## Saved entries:
━━━━━━━━━━━━━━━━━━━━━━━━━━━━━━

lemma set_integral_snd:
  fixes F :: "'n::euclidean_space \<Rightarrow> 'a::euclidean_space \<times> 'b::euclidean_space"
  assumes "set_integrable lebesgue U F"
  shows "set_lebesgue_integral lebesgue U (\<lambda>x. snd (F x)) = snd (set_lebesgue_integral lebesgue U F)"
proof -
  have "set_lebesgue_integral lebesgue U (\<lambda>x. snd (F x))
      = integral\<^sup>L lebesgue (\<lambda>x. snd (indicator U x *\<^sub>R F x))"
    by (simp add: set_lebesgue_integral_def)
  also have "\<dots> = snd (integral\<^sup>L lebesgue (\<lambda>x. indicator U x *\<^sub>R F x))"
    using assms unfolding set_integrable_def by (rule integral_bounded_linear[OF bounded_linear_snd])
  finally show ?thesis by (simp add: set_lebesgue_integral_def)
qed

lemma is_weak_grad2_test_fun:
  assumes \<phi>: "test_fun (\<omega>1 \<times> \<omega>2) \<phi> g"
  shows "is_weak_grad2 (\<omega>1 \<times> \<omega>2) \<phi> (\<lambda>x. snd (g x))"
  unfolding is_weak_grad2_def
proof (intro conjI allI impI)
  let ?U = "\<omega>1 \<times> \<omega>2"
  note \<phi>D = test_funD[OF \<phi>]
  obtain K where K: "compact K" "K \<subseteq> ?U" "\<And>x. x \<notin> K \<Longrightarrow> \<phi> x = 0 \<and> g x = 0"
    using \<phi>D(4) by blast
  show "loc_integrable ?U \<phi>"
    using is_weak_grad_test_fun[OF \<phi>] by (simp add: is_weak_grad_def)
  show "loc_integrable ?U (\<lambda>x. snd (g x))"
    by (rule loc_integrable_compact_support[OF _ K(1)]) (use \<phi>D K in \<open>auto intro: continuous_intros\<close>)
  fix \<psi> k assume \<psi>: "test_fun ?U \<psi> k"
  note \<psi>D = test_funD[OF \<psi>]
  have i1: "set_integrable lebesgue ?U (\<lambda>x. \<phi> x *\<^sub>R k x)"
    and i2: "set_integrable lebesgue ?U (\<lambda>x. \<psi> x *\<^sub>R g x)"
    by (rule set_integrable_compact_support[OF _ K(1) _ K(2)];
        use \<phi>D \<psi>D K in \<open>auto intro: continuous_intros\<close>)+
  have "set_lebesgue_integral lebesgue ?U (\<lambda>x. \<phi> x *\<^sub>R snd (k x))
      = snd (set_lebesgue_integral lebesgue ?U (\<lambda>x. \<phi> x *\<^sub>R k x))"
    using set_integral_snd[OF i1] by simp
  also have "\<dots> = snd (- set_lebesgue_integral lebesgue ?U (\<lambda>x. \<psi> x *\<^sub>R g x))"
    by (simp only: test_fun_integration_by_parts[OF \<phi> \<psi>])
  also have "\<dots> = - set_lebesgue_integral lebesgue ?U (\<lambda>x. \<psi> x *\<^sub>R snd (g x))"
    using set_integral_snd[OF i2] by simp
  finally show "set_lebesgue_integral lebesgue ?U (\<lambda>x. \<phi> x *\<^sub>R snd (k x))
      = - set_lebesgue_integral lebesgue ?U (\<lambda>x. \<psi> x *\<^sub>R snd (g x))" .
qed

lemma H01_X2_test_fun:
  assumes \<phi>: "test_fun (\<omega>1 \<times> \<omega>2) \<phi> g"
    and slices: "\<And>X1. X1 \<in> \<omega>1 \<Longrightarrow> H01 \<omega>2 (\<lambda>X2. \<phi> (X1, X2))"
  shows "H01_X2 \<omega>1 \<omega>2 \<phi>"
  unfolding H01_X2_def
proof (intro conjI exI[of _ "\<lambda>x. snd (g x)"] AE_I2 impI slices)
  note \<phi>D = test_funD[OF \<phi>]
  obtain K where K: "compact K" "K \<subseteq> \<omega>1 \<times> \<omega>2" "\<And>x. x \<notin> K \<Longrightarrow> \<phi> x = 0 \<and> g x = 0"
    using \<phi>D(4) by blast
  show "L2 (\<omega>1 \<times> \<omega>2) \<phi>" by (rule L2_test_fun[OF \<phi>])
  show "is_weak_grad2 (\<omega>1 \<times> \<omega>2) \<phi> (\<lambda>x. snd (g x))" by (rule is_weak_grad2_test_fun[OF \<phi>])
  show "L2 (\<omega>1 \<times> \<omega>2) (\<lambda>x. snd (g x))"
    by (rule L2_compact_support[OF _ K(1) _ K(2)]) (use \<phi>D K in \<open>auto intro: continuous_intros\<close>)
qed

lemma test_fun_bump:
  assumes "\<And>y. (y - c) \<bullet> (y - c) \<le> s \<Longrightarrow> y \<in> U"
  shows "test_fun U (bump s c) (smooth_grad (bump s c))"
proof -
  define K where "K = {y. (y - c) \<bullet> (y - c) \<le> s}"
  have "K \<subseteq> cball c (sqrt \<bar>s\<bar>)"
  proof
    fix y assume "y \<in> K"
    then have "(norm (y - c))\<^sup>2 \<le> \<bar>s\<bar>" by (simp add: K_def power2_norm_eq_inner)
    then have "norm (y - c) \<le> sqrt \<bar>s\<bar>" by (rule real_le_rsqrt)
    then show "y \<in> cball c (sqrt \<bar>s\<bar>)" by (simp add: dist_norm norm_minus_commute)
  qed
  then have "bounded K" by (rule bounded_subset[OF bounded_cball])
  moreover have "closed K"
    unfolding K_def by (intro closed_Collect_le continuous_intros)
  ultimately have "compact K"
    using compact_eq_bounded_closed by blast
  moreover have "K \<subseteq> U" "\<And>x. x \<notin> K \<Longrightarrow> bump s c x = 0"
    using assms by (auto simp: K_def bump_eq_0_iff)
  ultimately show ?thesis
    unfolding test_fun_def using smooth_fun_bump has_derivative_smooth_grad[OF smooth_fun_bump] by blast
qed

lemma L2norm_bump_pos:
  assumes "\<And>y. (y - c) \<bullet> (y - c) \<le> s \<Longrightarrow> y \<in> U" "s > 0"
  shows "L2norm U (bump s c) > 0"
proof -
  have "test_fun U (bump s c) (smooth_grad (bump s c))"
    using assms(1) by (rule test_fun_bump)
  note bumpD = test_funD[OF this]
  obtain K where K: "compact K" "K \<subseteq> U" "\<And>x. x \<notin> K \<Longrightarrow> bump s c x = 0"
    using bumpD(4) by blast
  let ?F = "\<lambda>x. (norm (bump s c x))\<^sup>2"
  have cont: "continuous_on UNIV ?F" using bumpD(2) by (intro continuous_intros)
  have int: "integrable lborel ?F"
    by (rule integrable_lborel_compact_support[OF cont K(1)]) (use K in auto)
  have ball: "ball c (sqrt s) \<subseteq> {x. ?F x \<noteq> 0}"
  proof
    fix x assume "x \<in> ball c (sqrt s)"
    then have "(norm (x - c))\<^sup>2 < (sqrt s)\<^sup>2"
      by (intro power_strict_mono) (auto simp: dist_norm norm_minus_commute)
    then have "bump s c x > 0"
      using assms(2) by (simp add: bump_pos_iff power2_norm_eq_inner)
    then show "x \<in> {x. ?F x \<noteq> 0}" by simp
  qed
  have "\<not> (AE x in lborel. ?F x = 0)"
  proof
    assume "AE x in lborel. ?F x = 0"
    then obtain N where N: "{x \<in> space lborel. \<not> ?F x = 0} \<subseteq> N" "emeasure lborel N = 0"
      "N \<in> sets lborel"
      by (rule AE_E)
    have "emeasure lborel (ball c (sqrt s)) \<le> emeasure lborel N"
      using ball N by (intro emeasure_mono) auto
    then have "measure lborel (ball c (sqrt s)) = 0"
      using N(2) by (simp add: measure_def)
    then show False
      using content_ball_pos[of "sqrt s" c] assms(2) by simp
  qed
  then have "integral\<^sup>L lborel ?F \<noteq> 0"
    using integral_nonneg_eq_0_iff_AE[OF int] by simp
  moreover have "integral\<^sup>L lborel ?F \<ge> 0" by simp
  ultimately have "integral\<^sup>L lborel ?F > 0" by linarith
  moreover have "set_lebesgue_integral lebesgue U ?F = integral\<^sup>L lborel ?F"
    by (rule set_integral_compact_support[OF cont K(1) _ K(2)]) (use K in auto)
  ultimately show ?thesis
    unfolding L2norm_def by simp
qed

━━━━━━━━━━━━━━━━━━━━━━━━━━━━━━

## GOAL OF THE EXERCISE:
Word for word, repeat the data from its first line through the line with "use \<phi>D \<psi>D", including both of those lines and no others.

## ANSWER TO THE PROBLEM:
lemma set_integral_snd:
  fixes F :: "'n::euclidean_space \<Rightarrow> 'a::euclidean_space \<times> 'b::euclidean_space"
  assumes "set_integrable lebesgue U F"
  shows "set_lebesgue_integral lebesgue U (\<lambda>x. snd (F x)) = snd (set_lebesgue_integral lebesgue U F)"
proof -
  have "set_lebesgue_integral lebesgue U (\<lambda>x. snd (F x))
      = integral\<^sup>L lebesgue (\<lambda>x. snd (indicator U x *\<^sub>R F x))"
    by (simp add: set_lebesgue_integral_def)
  also have "\<dots> = snd (integral\<^sup>L lebesgue (\<lambda>x. indicator U x *\<^sub>R F x))"
    using assms unfolding set_integrable_def by (rule integral_bounded_linear[OF bounded_linear_snd])
  finally show ?thesis by (simp add: set_lebesgue_integral_def)
qed

lemma is_weak_grad2_test_fun:
  assumes \<phi>: "test_fun (\<omega>1 \<times> \<omega>2) \<phi> g"
  shows "is_weak_grad2 (\<omega>1 \<times> \<omega>2) \<phi> (\<lambda>x. snd (g x))"
  unfolding is_weak_grad2_def
proof (intro conjI allI impI)
  let ?U = "\<omega>1 \<times> \<omega>2"
  note \<phi>D = test_funD[OF \<phi>]
  obtain K where K: "compact K" "K \<subseteq> ?U" "\<And>x. x \<notin> K \<Longrightarrow> \<phi> x = 0 \<and> g x = 0"
    using \<phi>D(4) by blast
  show "loc_integrable ?U \<phi>"
    using is_weak_grad_test_fun[OF \<phi>] by (simp add: is_weak_grad_def)
  show "loc_integrable ?U (\<lambda>x. snd (g x))"
    by (rule loc_integrable_compact_support[OF _ K(1)]) (use \<phi>D K in \<open>auto intro: continuous_intros\<close>)
  fix \<psi> k assume \<psi>: "test_fun ?U \<psi> k"
  note \<psi>D = test_funD[OF \<psi>]
  have i1: "set_integrable lebesgue ?U (\<lambda>x. \<phi> x *\<^sub>R k x)"
    and i2: "set_integrable lebesgue ?U (\<lambda>x. \<psi> x *\<^sub>R g x)"
    by (rule set_integrable_compact_support[OF _ K(1) _ K(2)];
        use \<phi>D \<psi>D K in \<open>auto intro: continuous_intros\<close>)+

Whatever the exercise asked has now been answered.